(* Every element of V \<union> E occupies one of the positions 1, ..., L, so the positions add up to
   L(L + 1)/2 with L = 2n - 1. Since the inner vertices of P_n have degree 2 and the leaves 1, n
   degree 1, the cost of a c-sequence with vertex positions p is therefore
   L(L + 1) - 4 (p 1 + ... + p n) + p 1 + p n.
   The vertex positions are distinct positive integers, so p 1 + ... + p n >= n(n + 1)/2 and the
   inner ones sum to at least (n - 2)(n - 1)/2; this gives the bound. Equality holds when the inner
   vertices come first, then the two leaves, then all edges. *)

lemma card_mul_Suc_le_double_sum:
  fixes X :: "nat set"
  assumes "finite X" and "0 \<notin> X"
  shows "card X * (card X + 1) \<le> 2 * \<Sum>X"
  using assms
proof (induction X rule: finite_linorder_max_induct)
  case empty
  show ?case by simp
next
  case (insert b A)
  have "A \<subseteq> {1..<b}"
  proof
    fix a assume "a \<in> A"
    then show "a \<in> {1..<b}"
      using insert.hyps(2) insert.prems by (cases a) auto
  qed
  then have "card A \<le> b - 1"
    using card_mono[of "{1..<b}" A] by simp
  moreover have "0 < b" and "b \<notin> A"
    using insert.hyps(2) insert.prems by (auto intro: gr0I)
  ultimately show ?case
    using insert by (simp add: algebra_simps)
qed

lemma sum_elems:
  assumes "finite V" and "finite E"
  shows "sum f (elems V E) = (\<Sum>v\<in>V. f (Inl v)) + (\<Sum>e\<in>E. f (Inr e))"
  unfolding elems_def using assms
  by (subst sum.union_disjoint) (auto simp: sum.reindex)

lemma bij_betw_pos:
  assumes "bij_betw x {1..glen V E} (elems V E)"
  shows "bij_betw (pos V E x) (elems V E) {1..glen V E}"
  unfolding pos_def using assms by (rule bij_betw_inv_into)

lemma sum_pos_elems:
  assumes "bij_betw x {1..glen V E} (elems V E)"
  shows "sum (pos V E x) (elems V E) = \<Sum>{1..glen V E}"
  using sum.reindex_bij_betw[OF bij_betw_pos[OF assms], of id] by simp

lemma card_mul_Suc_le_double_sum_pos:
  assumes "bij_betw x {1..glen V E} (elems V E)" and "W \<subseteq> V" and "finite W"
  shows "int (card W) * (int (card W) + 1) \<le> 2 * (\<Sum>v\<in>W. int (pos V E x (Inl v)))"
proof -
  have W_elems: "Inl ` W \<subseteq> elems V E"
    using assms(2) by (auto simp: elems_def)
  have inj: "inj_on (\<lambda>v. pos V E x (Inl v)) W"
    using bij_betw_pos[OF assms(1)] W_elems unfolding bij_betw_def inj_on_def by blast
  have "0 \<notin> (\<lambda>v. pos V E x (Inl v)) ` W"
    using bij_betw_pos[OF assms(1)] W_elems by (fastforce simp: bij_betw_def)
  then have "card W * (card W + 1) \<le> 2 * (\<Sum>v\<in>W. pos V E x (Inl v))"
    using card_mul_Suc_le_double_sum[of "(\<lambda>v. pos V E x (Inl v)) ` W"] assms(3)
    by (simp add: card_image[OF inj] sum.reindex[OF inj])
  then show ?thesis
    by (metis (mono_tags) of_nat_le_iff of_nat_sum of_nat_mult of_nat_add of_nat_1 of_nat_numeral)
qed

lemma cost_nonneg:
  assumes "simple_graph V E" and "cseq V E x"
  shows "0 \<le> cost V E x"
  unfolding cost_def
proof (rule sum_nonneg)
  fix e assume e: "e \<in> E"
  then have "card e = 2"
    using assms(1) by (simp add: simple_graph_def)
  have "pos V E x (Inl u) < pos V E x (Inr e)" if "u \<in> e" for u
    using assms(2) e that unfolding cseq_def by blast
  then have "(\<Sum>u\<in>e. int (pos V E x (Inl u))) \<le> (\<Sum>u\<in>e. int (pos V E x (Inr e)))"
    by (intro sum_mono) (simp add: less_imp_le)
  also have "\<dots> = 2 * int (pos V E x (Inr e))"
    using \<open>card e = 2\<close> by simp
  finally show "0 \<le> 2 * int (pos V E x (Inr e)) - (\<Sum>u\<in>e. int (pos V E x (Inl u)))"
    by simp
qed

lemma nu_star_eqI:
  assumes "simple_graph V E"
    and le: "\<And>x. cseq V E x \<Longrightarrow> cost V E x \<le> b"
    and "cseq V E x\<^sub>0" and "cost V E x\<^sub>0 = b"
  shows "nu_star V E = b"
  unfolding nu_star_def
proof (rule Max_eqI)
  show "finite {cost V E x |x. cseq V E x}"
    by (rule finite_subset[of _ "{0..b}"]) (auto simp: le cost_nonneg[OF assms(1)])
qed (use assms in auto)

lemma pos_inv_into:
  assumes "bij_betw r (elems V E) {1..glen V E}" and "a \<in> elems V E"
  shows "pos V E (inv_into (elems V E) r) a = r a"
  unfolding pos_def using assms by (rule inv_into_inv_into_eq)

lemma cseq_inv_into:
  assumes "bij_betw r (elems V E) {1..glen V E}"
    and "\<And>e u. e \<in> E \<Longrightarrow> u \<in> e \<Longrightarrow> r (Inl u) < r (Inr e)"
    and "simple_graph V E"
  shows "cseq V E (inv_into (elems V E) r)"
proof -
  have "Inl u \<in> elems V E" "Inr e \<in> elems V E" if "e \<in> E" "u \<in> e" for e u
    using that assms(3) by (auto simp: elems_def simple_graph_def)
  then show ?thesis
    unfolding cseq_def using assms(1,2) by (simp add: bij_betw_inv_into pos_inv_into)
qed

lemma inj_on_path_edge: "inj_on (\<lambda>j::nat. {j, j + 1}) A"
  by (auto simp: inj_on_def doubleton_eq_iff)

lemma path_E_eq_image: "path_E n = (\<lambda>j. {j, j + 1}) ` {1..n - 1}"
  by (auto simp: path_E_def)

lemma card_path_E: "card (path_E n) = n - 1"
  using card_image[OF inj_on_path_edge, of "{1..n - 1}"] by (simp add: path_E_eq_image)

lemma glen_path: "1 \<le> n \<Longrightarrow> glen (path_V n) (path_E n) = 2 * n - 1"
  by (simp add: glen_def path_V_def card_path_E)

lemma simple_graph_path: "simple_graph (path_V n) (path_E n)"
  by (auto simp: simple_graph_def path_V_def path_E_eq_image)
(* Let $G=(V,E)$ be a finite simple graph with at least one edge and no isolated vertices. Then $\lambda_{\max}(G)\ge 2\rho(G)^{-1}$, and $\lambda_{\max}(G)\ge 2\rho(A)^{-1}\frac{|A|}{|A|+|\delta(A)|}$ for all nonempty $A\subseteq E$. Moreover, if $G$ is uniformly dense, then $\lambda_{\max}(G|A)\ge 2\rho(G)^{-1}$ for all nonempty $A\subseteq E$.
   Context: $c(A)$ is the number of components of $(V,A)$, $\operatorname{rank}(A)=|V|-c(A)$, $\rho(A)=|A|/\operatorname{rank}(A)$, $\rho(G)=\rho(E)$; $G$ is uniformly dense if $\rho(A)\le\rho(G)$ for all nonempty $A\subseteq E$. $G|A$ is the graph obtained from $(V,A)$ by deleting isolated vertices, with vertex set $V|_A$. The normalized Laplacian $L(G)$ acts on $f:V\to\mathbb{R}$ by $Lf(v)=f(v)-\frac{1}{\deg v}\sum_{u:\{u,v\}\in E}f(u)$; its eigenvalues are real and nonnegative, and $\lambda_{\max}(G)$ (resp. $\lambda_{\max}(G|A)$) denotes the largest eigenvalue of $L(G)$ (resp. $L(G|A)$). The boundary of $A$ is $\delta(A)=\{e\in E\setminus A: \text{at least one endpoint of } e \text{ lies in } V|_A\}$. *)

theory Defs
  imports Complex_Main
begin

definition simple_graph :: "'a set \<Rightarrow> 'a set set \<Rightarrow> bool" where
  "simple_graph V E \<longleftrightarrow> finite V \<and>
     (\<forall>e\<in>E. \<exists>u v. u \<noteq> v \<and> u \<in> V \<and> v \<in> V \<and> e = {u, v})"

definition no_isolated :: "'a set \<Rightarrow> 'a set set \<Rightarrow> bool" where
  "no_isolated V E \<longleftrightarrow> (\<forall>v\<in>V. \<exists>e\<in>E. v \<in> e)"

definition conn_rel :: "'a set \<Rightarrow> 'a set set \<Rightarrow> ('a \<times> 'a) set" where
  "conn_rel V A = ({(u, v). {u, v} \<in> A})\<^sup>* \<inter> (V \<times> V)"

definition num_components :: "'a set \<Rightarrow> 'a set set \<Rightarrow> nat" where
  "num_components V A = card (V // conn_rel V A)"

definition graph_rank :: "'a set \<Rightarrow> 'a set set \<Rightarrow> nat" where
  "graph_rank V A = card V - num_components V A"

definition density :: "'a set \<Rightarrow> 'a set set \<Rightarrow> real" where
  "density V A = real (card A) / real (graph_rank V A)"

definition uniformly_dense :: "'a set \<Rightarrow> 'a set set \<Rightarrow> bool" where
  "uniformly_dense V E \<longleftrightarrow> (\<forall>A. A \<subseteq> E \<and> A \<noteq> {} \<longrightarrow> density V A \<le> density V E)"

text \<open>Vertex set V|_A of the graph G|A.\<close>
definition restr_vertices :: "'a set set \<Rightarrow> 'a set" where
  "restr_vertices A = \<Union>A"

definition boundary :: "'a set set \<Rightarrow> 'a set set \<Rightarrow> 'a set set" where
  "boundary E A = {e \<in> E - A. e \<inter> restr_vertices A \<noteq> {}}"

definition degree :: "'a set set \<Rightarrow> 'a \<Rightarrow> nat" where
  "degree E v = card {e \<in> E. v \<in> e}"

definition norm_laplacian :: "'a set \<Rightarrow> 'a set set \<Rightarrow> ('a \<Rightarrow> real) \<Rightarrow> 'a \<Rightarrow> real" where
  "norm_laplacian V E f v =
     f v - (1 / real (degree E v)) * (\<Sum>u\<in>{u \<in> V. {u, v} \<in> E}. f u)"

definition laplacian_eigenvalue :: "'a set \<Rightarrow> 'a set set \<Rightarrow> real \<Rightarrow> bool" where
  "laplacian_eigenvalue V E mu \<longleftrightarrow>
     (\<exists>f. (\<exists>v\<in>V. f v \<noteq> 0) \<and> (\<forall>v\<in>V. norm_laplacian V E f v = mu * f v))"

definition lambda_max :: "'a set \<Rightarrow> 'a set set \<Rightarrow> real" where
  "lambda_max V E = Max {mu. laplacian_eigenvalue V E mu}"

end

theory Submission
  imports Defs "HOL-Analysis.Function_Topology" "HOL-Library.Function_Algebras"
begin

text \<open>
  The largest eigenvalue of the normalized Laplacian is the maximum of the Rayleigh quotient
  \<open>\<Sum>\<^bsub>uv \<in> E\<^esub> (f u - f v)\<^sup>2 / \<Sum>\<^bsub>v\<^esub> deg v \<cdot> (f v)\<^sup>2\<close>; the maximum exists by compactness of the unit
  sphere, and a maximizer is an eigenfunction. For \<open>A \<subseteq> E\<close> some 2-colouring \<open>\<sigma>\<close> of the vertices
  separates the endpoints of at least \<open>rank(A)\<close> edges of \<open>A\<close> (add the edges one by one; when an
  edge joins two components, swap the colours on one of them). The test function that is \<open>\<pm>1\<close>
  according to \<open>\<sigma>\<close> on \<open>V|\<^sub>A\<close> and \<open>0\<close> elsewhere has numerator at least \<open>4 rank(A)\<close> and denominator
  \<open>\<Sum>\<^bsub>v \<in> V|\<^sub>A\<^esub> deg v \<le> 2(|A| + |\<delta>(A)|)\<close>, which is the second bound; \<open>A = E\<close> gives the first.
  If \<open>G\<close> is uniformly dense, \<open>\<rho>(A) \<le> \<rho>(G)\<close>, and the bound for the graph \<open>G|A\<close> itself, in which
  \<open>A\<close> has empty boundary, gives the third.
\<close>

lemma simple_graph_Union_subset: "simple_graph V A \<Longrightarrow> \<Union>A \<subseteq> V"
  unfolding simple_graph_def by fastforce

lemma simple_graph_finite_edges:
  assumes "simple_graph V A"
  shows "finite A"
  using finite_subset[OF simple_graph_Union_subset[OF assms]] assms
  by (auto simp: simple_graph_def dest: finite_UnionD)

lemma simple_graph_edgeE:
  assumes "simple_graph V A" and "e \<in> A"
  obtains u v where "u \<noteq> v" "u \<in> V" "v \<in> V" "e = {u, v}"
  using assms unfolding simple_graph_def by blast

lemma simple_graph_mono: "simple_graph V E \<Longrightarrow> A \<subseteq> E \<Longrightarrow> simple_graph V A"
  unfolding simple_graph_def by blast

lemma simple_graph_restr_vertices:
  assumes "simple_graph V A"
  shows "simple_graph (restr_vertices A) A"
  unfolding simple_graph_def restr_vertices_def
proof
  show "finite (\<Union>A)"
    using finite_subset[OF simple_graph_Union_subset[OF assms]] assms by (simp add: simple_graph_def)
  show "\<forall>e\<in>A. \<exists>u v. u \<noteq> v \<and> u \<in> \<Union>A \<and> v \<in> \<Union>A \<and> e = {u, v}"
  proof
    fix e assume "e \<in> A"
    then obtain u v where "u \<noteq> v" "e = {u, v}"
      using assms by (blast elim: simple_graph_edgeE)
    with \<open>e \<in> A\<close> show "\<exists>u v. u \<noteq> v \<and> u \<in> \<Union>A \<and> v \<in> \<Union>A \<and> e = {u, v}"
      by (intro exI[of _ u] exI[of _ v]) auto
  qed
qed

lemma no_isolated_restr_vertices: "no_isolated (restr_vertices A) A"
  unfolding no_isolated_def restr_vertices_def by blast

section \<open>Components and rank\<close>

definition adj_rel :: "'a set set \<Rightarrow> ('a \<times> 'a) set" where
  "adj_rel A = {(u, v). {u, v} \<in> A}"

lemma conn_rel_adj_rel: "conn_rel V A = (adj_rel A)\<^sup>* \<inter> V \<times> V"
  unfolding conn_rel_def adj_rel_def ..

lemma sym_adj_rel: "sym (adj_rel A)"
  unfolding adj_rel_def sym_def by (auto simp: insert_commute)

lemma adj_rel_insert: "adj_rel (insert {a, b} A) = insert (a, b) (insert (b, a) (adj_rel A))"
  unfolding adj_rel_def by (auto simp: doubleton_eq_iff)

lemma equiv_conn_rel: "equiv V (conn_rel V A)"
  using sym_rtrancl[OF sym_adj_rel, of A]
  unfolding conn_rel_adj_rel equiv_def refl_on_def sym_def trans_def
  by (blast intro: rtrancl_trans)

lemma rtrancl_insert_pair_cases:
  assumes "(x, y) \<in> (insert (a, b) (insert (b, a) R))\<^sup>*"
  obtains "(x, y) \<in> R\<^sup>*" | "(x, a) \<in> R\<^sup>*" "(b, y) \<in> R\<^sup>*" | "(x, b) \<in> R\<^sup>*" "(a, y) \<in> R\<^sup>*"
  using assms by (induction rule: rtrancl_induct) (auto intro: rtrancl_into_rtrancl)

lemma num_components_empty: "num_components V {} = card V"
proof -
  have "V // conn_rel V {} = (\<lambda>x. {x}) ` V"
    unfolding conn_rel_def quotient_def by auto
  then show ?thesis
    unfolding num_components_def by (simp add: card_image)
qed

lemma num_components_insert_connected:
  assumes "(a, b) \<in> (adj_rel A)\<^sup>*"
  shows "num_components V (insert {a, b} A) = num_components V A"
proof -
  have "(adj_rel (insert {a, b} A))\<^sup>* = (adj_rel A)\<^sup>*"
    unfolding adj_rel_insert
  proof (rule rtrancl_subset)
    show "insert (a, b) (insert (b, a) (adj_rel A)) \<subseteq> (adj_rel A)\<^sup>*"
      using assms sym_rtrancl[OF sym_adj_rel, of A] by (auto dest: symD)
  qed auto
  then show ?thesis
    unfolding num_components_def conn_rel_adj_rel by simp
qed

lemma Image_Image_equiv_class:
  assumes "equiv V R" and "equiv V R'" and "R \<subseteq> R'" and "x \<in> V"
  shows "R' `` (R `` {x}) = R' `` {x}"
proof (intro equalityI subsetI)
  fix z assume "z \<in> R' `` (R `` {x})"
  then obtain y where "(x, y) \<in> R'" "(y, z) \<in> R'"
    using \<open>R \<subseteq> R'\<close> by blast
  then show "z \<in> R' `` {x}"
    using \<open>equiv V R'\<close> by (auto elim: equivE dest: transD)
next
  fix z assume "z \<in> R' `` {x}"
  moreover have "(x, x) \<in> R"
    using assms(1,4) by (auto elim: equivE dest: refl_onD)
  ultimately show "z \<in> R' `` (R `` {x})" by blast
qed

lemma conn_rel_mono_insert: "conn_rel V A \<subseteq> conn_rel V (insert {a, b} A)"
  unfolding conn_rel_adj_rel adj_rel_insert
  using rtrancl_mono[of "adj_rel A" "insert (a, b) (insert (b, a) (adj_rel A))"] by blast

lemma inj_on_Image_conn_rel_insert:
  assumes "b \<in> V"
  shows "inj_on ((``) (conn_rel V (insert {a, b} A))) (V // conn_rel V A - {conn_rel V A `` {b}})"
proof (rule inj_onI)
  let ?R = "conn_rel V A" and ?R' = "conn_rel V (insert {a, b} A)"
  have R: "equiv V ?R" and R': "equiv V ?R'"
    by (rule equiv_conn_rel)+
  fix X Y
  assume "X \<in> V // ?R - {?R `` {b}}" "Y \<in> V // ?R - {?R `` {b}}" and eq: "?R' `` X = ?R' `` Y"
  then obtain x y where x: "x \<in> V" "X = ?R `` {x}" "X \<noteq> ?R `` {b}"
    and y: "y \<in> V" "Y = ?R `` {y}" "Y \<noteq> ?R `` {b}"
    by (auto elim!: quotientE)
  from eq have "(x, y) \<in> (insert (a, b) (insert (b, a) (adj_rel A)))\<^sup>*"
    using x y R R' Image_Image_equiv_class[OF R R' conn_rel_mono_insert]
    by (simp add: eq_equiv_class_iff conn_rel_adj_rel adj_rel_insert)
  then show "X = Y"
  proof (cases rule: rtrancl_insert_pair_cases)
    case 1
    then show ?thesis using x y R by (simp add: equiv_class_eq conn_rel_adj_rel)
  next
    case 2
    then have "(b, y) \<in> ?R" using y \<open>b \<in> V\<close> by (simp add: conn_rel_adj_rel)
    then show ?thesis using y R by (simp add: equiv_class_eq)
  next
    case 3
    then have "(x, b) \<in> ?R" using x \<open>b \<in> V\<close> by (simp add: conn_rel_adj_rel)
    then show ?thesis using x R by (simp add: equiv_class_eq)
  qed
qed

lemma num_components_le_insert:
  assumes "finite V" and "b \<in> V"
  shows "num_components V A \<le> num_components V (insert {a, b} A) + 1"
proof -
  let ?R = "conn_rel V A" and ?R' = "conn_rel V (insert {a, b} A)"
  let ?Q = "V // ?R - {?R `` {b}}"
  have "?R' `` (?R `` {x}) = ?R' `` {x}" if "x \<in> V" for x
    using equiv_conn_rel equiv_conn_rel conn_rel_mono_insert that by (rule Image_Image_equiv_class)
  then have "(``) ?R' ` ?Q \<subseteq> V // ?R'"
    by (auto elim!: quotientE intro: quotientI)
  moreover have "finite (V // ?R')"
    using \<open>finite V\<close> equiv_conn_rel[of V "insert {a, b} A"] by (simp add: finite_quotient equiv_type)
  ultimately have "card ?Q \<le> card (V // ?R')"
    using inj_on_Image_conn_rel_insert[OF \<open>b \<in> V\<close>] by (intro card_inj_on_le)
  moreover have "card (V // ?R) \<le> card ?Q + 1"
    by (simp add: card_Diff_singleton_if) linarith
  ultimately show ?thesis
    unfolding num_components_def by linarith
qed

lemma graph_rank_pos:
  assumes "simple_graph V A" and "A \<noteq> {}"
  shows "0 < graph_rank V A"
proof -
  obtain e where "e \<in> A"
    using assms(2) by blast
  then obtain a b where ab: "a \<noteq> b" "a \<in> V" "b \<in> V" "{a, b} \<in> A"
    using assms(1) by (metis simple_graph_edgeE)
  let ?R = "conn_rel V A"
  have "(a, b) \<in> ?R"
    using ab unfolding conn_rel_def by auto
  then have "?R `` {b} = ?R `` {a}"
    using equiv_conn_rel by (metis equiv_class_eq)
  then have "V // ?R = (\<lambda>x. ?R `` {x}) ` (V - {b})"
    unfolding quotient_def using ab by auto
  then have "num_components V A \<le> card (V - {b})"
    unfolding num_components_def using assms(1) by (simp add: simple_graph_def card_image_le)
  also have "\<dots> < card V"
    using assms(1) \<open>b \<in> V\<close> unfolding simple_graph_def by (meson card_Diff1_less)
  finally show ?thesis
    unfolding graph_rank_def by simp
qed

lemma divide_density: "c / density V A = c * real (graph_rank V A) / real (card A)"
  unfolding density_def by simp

EXERCISE: Please, from the material above, copy only the lines from the line with "x (Inl u) <" up to and including the line with "E x \<Longrightarrow>", exactly as written.

EXERCISE OUTPUT:
  have "pos V E x (Inl u) < pos V E x (Inr e)" if "u \<in> e" for u
    using assms(2) e that unfolding cseq_def by blast
  then have "(\<Sum>u\<in>e. int (pos V E x (Inl u))) \<le> (\<Sum>u\<in>e. int (pos V E x (Inr e)))"
    by (intro sum_mono) (simp add: less_imp_le)
  also have "\<dots> = 2 * int (pos V E x (Inr e))"
    using \<open>card e = 2\<close> by simp
  finally show "0 \<le> 2 * int (pos V E x (Inr e)) - (\<Sum>u\<in>e. int (pos V E x (Inl u)))"
    by simp
qed

lemma nu_star_eqI:
  assumes "simple_graph V E"
    and le: "\<And>x. cseq V E x \<Longrightarrow> cost V E x \<le> b"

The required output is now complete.